About this task: When the string "unfolding" occurs in a line of the records, show that line.

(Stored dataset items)
(* Let $n,M$ be positive integers and $\epsilon\in[0,1]$. Every $(n,M,\epsilon)$-FLF code for the CM-DMBC, with encoding functions $f_1,\dots,f_n$, satisfies, for every $\lambda>0$, $$\epsilon\ \ge\ \frac12\,\mathbb P\Big[\sum_{k=1}^2\eta_k\sum_{i=1}^n \imath_{P^*,W_k}\big(f_i(J,Y_1^{i-1},Y_2^{i-1});Y_{k,i}\big)\le \log M-\lambda\Big]-e^{-\lambda},$$ where the probability is computed under the distribution $$\mathbb P_{J,Y_1^n,Y_2^n}(j,y_1^n,y_2^n)=\frac1M\prod_{i=1}^n\prod_{k=1}^2 W_k\big(y_{k,i}\,\big|\,f_i(j,y_1^{i-1},y_2^{i-1})\big).$$
   Context: Setting: finite alphabets $\mathcal X=\{1,\dots,N\}$, $\mathcal Y$; transition matrices $W_1,W_2$ from $\mathcal X$ to $\mathcal Y$. The common-message discrete memoryless broadcast channel (CM-DMBC) has, at each time, outputs $(y_1,y_2)$ with probability $W_1(y_1|x)W_2(y_2|x)$ given input $x$, independently over time. For a distribution $P$ on $\mathcal X$: $PW_k(y)=\sum_xP(x)W_k(y|x)$, $\imath_{P,W_k}(x;y)=\log\frac{W_k(y|x)}{PW_k(y)}$ (natural log), $I_k(P)=\sum_xP(x)D(W_k(\cdot|x)\|PW_k)$, $V_k(P)=\sum_xP(x)\mathrm{Var}[\imath_{P,W_k}(x;Y_k)]$ with $Y_k\sim W_k(\cdot|x)$. $C=\max_P\min_kI_k(P)$, $C_k=\max_PI_k(P)$. Standing assumptions: the maximizer $P^*$ of $\min_kI_k$ is unique, $P^*(x)>0$ for all $x$, $V_k(P^* )>0$ and $C_k>C$ for $k=1,2$. Let $P^*_{Y_k}=P^*W_k$ and for $\mathbf v\in\mathbb R^N$ with entries summing to zero, $\mathrm dI_k(\mathbf v)=\sum_xv_xD(W_k(\cdot|x)\|P^*_{Y_k})$. $\eta\in(0,1)$ is the unique constant with $\eta\,\mathrm dI_1(\mathbf v)+(1-\eta)\mathrm dI_2(\mathbf v)=0$ for all such $\mathbf v$; $\eta_1=\eta$, $\eta_2=1-\eta$. An $(n,M,\epsilon)$-FLF (fixed-length feedback) code consists of encoding functions $f_i:\{1,\dots,M\}\times\mathcal Y^{i-1}\times\mathcal Y^{i-1}\to\mathcal X$, $i=1,\dots,n$, producing $X_i=f_i(J,Y_1^{i-1},Y_2^{i-1})$ where the message $J$ is uniform on $\{1,\dots,M\}$, and decoders $g_k:\mathcal Y^n\to\{1,\dots,M\}$ with $\mathbb P[g_k(Y_k^n)\ne J]\le\epsilon$ for $k=1,2$. *)

theory Defs
  imports "HOL-Analysis.Analysis"
begin
lemma nn_integral_quadrant_exponential_product:
  fixes z \<theta> :: real
  assumes z: "z > 0" and \<theta>: "\<theta> > 0"
  shows "(\<integral>\<^sup>+xy. indicator ({0<..} \<times> {0<..}) xy *
      ennreal (z\<^sup>2 * \<theta> * exp (- z * (fst xy + \<theta> * snd xy))) \<partial>(lborel :: (real \<times> real) measure)) = 1"
proof -
  have split: "indicator ({0<..} \<times> {0<..}) (x, y) * ennreal (z\<^sup>2 * \<theta> * exp (- z * (x + \<theta> * y)))
    = (indicator {0<..} x * ennreal (z * exp (- z * x))) *
      (indicator {0<..} y * ennreal ((z * \<theta>) * exp (- (z * \<theta>) * y)))" for x y :: real
  proof -
    have "z\<^sup>2 * \<theta> * exp (- z * (x + \<theta> * y)) = (z * exp (- z * x)) * ((z * \<theta>) * exp (- (z * \<theta>) * y))"
      by (simp add: power2_eq_square algebra_simps flip: exp_add)
    then show ?thesis
      using z \<theta> by (auto simp: indicator_def ennreal_mult[symmetric])
  qed
  have "(\<integral>\<^sup>+xy. indicator ({0<..} \<times> {0<..}) xy *
      ennreal (z\<^sup>2 * \<theta> * exp (- z * (fst xy + \<theta> * snd xy))) \<partial>(lborel :: (real \<times> real) measure))
    = (\<integral>\<^sup>+x. \<integral>\<^sup>+y. indicator ({0<..} \<times> {0<..}) (x, y) *
      ennreal (z\<^sup>2 * \<theta> * exp (- z * (x + \<theta> * y))) \<partial>lborel \<partial>lborel)"
    by (subst lborel_prod[symmetric], subst lborel.nn_integral_fst[symmetric]) simp_all
  also have "\<dots> = (\<integral>\<^sup>+x. (indicator {0<..} x * ennreal (z * exp (- z * x))) *
      (\<integral>\<^sup>+y. indicator {0<..} y * ennreal ((z * \<theta>) * exp (- (z * \<theta>) * y)) \<partial>lborel) \<partial>lborel)"
    unfolding split by (subst nn_integral_cmult) auto
  also have "\<dots> = 1"
    using nn_integral_exponential_density_Ioi z \<theta> by simp
  finally show ?thesis .
qed

lemma power2_mult_exp_le:
  fixes z c :: real
  assumes z: "z \<ge> 0" and c: "c > 0"
  shows "z\<^sup>2 * exp (- z * c) \<le> 4 / c\<^sup>2"
proof -
  have "z * c / 2 \<le> exp (z * c / 2)"
    using exp_ge_add_one_self[of "z * c / 2"] by linarith
  then have "(z * c / 2)\<^sup>2 \<le> (exp (z * c / 2))\<^sup>2"
    using z c by (intro power_mono) auto
  then have "(z * c)\<^sup>2 \<le> 4 * exp (z * c)"
    by (simp add: power_divide power2_eq_square ac_simps flip: exp_add)
  then have "(z * c)\<^sup>2 * exp (- z * c) \<le> 4 * exp (z * c) * exp (- z * c)"
    by (rule mult_right_mono) simp
  also have "\<dots> = 4"
    by (simp flip: exp_add)
  finally have "(z * c)\<^sup>2 * exp (- z * c) / c\<^sup>2 \<le> 4 / c\<^sup>2"
    by (rule divide_right_mono) simp
  then show ?thesis
    using c by (simp add: power_mult_distrib)
qed

lemma integrable_power2_mult_exp:
  fixes F :: "real measure" and c :: real
  assumes "finite_measure F" and sets_F: "sets F = sets borel"
    and pos: "AE z in F. 0 < z" and c: "c > 0"
  shows "integrable F (\<lambda>z. z\<^sup>2 * exp (- z * c))"
proof -
  interpret finite_measure F by fact
  show ?thesis
  proof (rule integrable_const_bound[where B = "4 / c\<^sup>2"])
    show "AE z in F. norm (z\<^sup>2 * exp (- z * c)) \<le> 4 / c\<^sup>2"
      using pos by eventually_elim (use power2_mult_exp_le[of _ c] c in simp)
    show "(\<lambda>z. z\<^sup>2 * exp (- z * c)) \<in> borel_measurable F"
      unfolding measurable_cong_sets[OF sets_F refl] by measurable
  qed
qed

lemma integral_power2_mult_exp_antimono:
  fixes F :: "real measure" and c c' :: real
  assumes "finite_measure F" and "sets F = sets borel"
    and pos: "AE z in F. 0 < z" and "0 < c" and "c \<le> c'"
  shows "(\<integral>z. z\<^sup>2 * exp (- z * c') \<partial>F) \<le> (\<integral>z. z\<^sup>2 * exp (- z * c) \<partial>F)"
  using assms integrable_power2_mult_exp[OF assms(1-3)]
  by (intro integral_mono_AE) (auto elim!: eventually_mono intro!: mult_left_mono)

lemma frailty_density_eq:
  "frailty_density \<theta> F x y = \<theta> * (\<integral>z. z\<^sup>2 * exp (- z * (x + \<theta> * y)) \<partial>F)"
  unfolding frailty_density_def by (simp add: ac_simps flip: integral_mult_right_zero)

lemma frailty_density_nonneg: "\<theta> \<ge> 0 \<Longrightarrow> 0 \<le> frailty_density \<theta> F x y"
  unfolding frailty_density_def by (intro Bochner_Integration.integral_nonneg) simp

Output of the exercise:
    unfolding split by (subst nn_integral_cmult) auto
      unfolding measurable_cong_sets[OF sets_F refl] by measurable
  unfolding frailty_density_def by (simp add: ac_simps flip: integral_mult_right_zero)
  unfolding frailty_density_def by (intro Bochner_Integration.integral_nonneg) simp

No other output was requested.